Varun is an Indian actor who appears in Tamil films. He is the grandson of Isari Velan. He was introduced in Anthony's Oru Naal Iravil (2015), and has since regularly collaborated in ventures involving A. L. Vijay and Prabhu Deva.

Career
Varun first appeared as an actor by playing the lead role in Sriman's production venture Parimala Thiraiarangam in 2011, under the stage name of Vikaash. Featuring in an ensemble cast including Kishore, Vivek and Sanusha, as well as Arya in a guest appearance, the film ran into production troubles and did not have a theatrical release. Varun subsequently moved on to apprentice as an assistant director under the supervision of A. L. Vijay and worked on the production of Thalaivaa (2013). Vijay requested Varun to consider working as an actor again in his next venture as a producer, with the pair then choosing to collaborate in the thriller film Oru Naal Iravil (2015) directed by film editor Anthony. Varun put on  to play the character of a thirty-year-old auto driver, and appeared in an ensemble cast also featuring Sathyaraj, Anumol and Yugi Sethu. The film did not perform well commercially but won positive reviews from critics, with Sify stating Varun did his role with "consummate ease" and the critic from Behindwoods stating "Varun does a decent job as the assistant of Sathyaraj".

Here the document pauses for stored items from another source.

(* For every $Q\in\mathcal{P}$ and every $0<v<2$, $$D^*(v,Q)=\inf\left\{\mathrm{KL}_2\!\left(Q(A)+\tfrac v2,\,Q(A)\right):\ A\in\mathcal{F},\ 0<Q(A)\le 1-\tfrac v2\right\}.$$
   Context: Let $(\Omega,\mathcal{F},\mu)$ be a finite or $\sigma$-finite measure space, and let $\mathcal{P}$ be the set of probability measures on $(\Omega,\mathcal{F})$ absolutely continuous with respect to $\mu$. For $P,Q\in\mathcal{P}$ the lower-case letters $p,q$ denote their densities with respect to $\mu$. The Kullback–Leibler divergence is $D(P\Vert Q)=\int\ln\frac{dP}{dQ}\,dP$ if $P\ll Q$, and $+\infty$ otherwise. The total variation distance is $V(P,Q)=\int_\Omega|p-q|\,d\mu$. For $v>0$ define $D^*(v,Q)=\inf\{D(P\Vert Q):P\in\mathcal{P},\ V(P,Q)\ge v\}$. All infima over empty sets equal $+\infty$. For $p,q\in[0,1]$, $\mathrm{KL}_2(p,q)=p\ln\frac pq+(1-p)\ln\frac{1-p}{1-q}$, with the conventions $0\ln(0/x)=0$ and $a\ln(a/0)=+\infty$ for $a>0$. *)

theory Defs
  imports "HOL-Probability.Probability"
begin

definition Pset :: "'a measure \<Rightarrow> 'a measure set" where
  "Pset M = {P. prob_space P \<and> sets P = sets M \<and> absolutely_continuous M P}"

text \<open>The Radon--Nikodym derivative \<open>dP/dQ\<close> is \<open>RN_deriv Q P\<close>. Since the negative part of
  \<open>ln (dP/dQ)\<close> is always \<open>P\<close>-integrable, non-integrability means the integral is \<open>+\<infinity>\<close>.\<close>
definition KLdiv :: "'a measure \<Rightarrow> 'a measure \<Rightarrow> ereal" where
  "KLdiv P Q =
    (if absolutely_continuous Q P then
       (if integrable P (\<lambda>x. ln (enn2real (RN_deriv Q P x)))
        then ereal (\<integral>x. ln (enn2real (RN_deriv Q P x)) \<partial>P)
        else \<infinity>)
     else \<infinity>)"

definition TV :: "'a measure \<Rightarrow> 'a measure \<Rightarrow> 'a measure \<Rightarrow> ennreal" where
  "TV M P Q = (\<integral>\<^sup>+ x. ennreal \<bar>enn2real (RN_deriv M P x) - enn2real (RN_deriv M Q x)\<bar> \<partial>M)"

text \<open>\<open>D\<^sup>*(v,Q) = inf {D(P\<parallel>Q) : P \<in> \<P>, V(P,Q) \<ge> v}\<close> (Inf of the empty set is \<open>+\<infinity>\<close> in ereal).\<close>
definition Dstar :: "'a measure \<Rightarrow> real \<Rightarrow> 'a measure \<Rightarrow> ereal" where
  "Dstar M v Q = Inf {KLdiv P Q | P. P \<in> Pset M \<and> TV M P Q \<ge> ennreal v}"

definition xlogxy :: "real \<Rightarrow> real \<Rightarrow> ereal" where
  "xlogxy a b = (if a = 0 then 0 else if b = 0 then \<infinity> else ereal (a * ln (a / b)))"

definition KL2 :: "real \<Rightarrow> real \<Rightarrow> ereal" where
  "KL2 p q = xlogxy p q + xlogxy (1 - p) (1 - q)"

end

theory Submission
  imports Defs
begin

text \<open>
  Everything is expressed through the density \<open>f = dP/dQ\<close>: the locale \<open>prob_density\<close>
  fixes a probability density \<open>f\<close> w.r.t. \<open>Q\<close>, and for \<open>P = f\<cdot>Q\<close> we show
  \<open>D(P\<parallel>Q) = \<integral> f ln f dQ\<close> and \<open>V(P,Q) = \<integral> |f - 1| dQ\<close>.

  Lower bound: by Scheffe's identity \<open>V(P,Q) = 2 (P(A) - Q(A))\<close> for \<open>A = {f > 1}\<close>, so
  \<open>P(A) \<ge> Q(A) + v/2\<close>; the log-sum inequality on the partition \<open>{A, -A}\<close> gives
  \<open>D(P\<parallel>Q) \<ge> KL\<^sub>2(P(A), Q(A))\<close>, and \<open>KL\<^sub>2(\<cdot>, q)\<close> is nondecreasing on \<open>[q, 1]\<close>.
  Upper bound: for admissible \<open>A\<close>, the two-valued density equal to \<open>(a + v/2)/a\<close> on \<open>A\<close> and
  to \<open>(1 - a - v/2)/(1 - a)\<close> off \<open>A\<close> (\<open>a = Q(A)\<close>) has total variation exactly \<open>v\<close> and
  divergence exactly \<open>KL\<^sub>2(a + v/2, a)\<close>.
\<close>

text \<open>Binary divergence as a real function; for \<open>0 < q < 1\<close> it agrees with \<open>KL2\<close>, the
  conventions \<open>0 ln 0 = 0\<close> being built into Isabelle's \<open>ln 0 = 0\<close>.\<close>
definition kl_bin :: "real \<Rightarrow> real \<Rightarrow> real" where
  "kl_bin p q = p * ln (p / q) + (1 - p) * ln ((1 - p) / (1 - q))"

lemma KL2_eq_kl_bin:
  assumes "0 < q" "q < 1"
  shows "KL2 p q = ereal (kl_bin p q)"
  using assms by (simp add: KL2_def xlogxy_def kl_bin_def)

text \<open>\<open>KL\<^sub>2(\<cdot>, q)\<close> is nondecreasing to the right of \<open>q\<close>: its derivative is
  \<open>ln (t/q) - ln ((1-t)/(1-q)) \<ge> 0\<close> for \<open>q \<le> t < 1\<close>.\<close>
lemma kl_bin_mono_below_one:
  assumes "0 < q" "q \<le> y" "y \<le> x" "x < 1"
  shows "kl_bin y q \<le> kl_bin x q"
proof -
  define g where "g t = t * (ln t - ln q) + (1 - t) * (ln (1 - t) - ln (1 - q))" for t
  have g_eq: "kl_bin t q = g t" if "0 < t" "t < 1" for t
    using that assms by (simp add: kl_bin_def g_def ln_div)
  have "g y \<le> g x"
  proof (rule DERIV_nonneg_imp_nondecreasing[OF \<open>y \<le> x\<close>])
    fix t assume t: "y \<le> t" "t \<le> x"
    with assms have t01: "0 < t" "t < 1" by auto
    have "DERIV g t :> (ln t - ln q) + t * (1 / t) - (ln (1 - t) - ln (1 - q)) + (1 - t) * (- 1 / (1 - t))"
      unfolding g_def using t01 by (auto intro!: derivative_eq_intros)
    then have "DERIV g t :> (ln t - ln q) + (ln (1 - q) - ln (1 - t))"
      by (rule DERIV_cong) (use t01 in \<open>simp add: field_simps\<close>)
    moreover have "0 \<le> (ln t - ln q) + (ln (1 - q) - ln (1 - t))"
      using t t01 assms by simp
    ultimately show "\<exists>d. DERIV g t :> d \<and> 0 \<le> d" by auto
  qed
  with assms show ?thesis by (simp add: g_eq)
qed

text \<open>The right endpoint \<open>t = 1\<close>, where \<open>KL\<^sub>2(1, q) = ln (1/q)\<close>, is treated directly.\<close>
lemma kl_bin_le_one:
  assumes "0 < q" "q \<le> y" "y \<le> 1"
  shows "kl_bin y q \<le> kl_bin 1 q"
proof -
  have "ln (y / q) \<le> ln (1 / q)"
    using assms by (simp add: divide_right_mono)
  then have "y * ln (y / q) \<le> y * ln (1 / q)"
    using assms by (intro mult_left_mono) auto
  also have "\<dots> \<le> ln (1 / q)"
    using assms by (intro mult_left_le_one_le) auto
  finally have first: "y * ln (y / q) \<le> ln (1 / q)" .
  have "(1 - y) * ln ((1 - y) / (1 - q)) \<le> 0"
    using assms by (cases "y = 1") (auto intro!: mult_nonneg_nonpos)
  with first show ?thesis by (simp add: kl_bin_def)
qed

lemma kl_bin_mono:
  assumes "0 < q" "q \<le> y" "y \<le> x" "x \<le> 1"
  shows "kl_bin y q \<le> kl_bin x q"
  using kl_bin_mono_below_one[of q y x] kl_bin_le_one[of q y] assms
  by (cases "x = 1") auto

text \<open>Tangent-line bound for the convex function \<open>t ln t\<close>, equivalent to \<open>ln x \<le> x - 1\<close>.\<close>
lemma mult_ln_ge_tangent:
  fixes t c :: real
  assumes "0 \<le> t" "0 < c"
  shows "t * ln c + t - c \<le> t * ln t"
proof (cases "t = 0")
  case False
  with assms have "ln c - ln t \<le> c / t - 1"
    using ln_le_minus_one[of "c / t"] by (simp add: ln_div)
  then have "t * (ln c - ln t) \<le> t * (c / t - 1)"
    using assms by (intro mult_left_mono) auto
  with False show ?thesis by (simp add: algebra_simps)
qed (use assms in simp)

locale prob_density = prob_space Q for Q :: "'a measure" +
  fixes f :: "'a \<Rightarrow> real"
  assumes f_borel [measurable]: "f \<in> borel_measurable Q"
    and f_nonneg: "\<And>x. 0 \<le> f x"
    and f_integrable: "integrable Q f"
    and f_integral: "(\<integral>x. f x \<partial>Q) = 1"
begin

abbreviation P :: "'a measure" where
  "P \<equiv> density Q (\<lambda>x. ennreal (f x))"

lemma prob_space_P: "prob_space P"
proof (rule prob_spaceI)
  have "emeasure P (space P) = (\<integral>\<^sup>+x. ennreal (f x) \<partial>Q)"
    by (auto simp: emeasure_density intro!: nn_integral_cong)
  also have "\<dots> = 1"
    using nn_integral_eq_integral[OF f_integrable] f_nonneg f_integral by simp
  finally show "emeasure P (space P) = 1" .
qed

lemma measure_P:
  assumes "B \<in> sets Q"
  shows "measure P B = (\<integral>x. f x * indicator B x \<partial>Q)"
proof -
  have "measure P B = (\<integral>x. indicator B x \<partial>P)"
    using assms sets.sets_into_space[OF assms] by (simp add: Int_absorb2)
  also have "\<dots> = (\<integral>x. f x *\<^sub>R indicator B x \<partial>Q)"
    by (rule integral_density) (use assms f_nonneg in auto)
  finally show ?thesis by simp
qed

lemma scheffe:
  defines "A \<equiv> {x \<in> space Q. 1 < f x}"
  shows "A \<in> sets Q" and "(\<integral>x. \<bar>f x - 1\<bar> \<partial>Q) = 2 * (measure P A - measure Q A)"
proof -
  show A: "A \<in> sets Q" unfolding A_def by measurable
  have "(\<integral>x. \<bar>f x - 1\<bar> \<partial>Q) = (\<integral>x. 2 * (f x * indicator A x) - 2 * indicator A x + 1 - f x \<partial>Q)"
    by (rule Bochner_Integration.integral_cong) (auto simp: A_def indicator_def)
  also have "\<dots> = 2 * (measure P A - measure Q A)"
  proof -
    have "integrable Q (\<lambda>x. f x * indicator A x)"
      using A f_integrable by (rule integrable_real_mult_indicator)
    moreover have "integrable Q (indicator A :: 'a \<Rightarrow> real)"
      using A by (simp add: emeasure_eq_measure)
    moreover have "A \<inter> space Q = A" unfolding A_def by auto
    ultimately show ?thesis
      using A f_integrable f_integral by (simp add: measure_P[OF A] prob_space)
  qed
  finally show "(\<integral>x. \<bar>f x - 1\<bar> \<partial>Q) = 2 * (measure P A - measure Q A)" .
qed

Varun was also recommended by Prabhu Deva to appear alongside Jayam Ravi and Arvind Swamy in the fantasy thriller Bogan, by portraying a police officer, for which he put on more weight. Varun will also be seen in a leading role in a third Deva production Sometimes as a drug addict, as well as the second lead actor in Neruppu Da with Vikram Prabhu and Vijay's Vanamagan with Ravi and Sayyeshaa.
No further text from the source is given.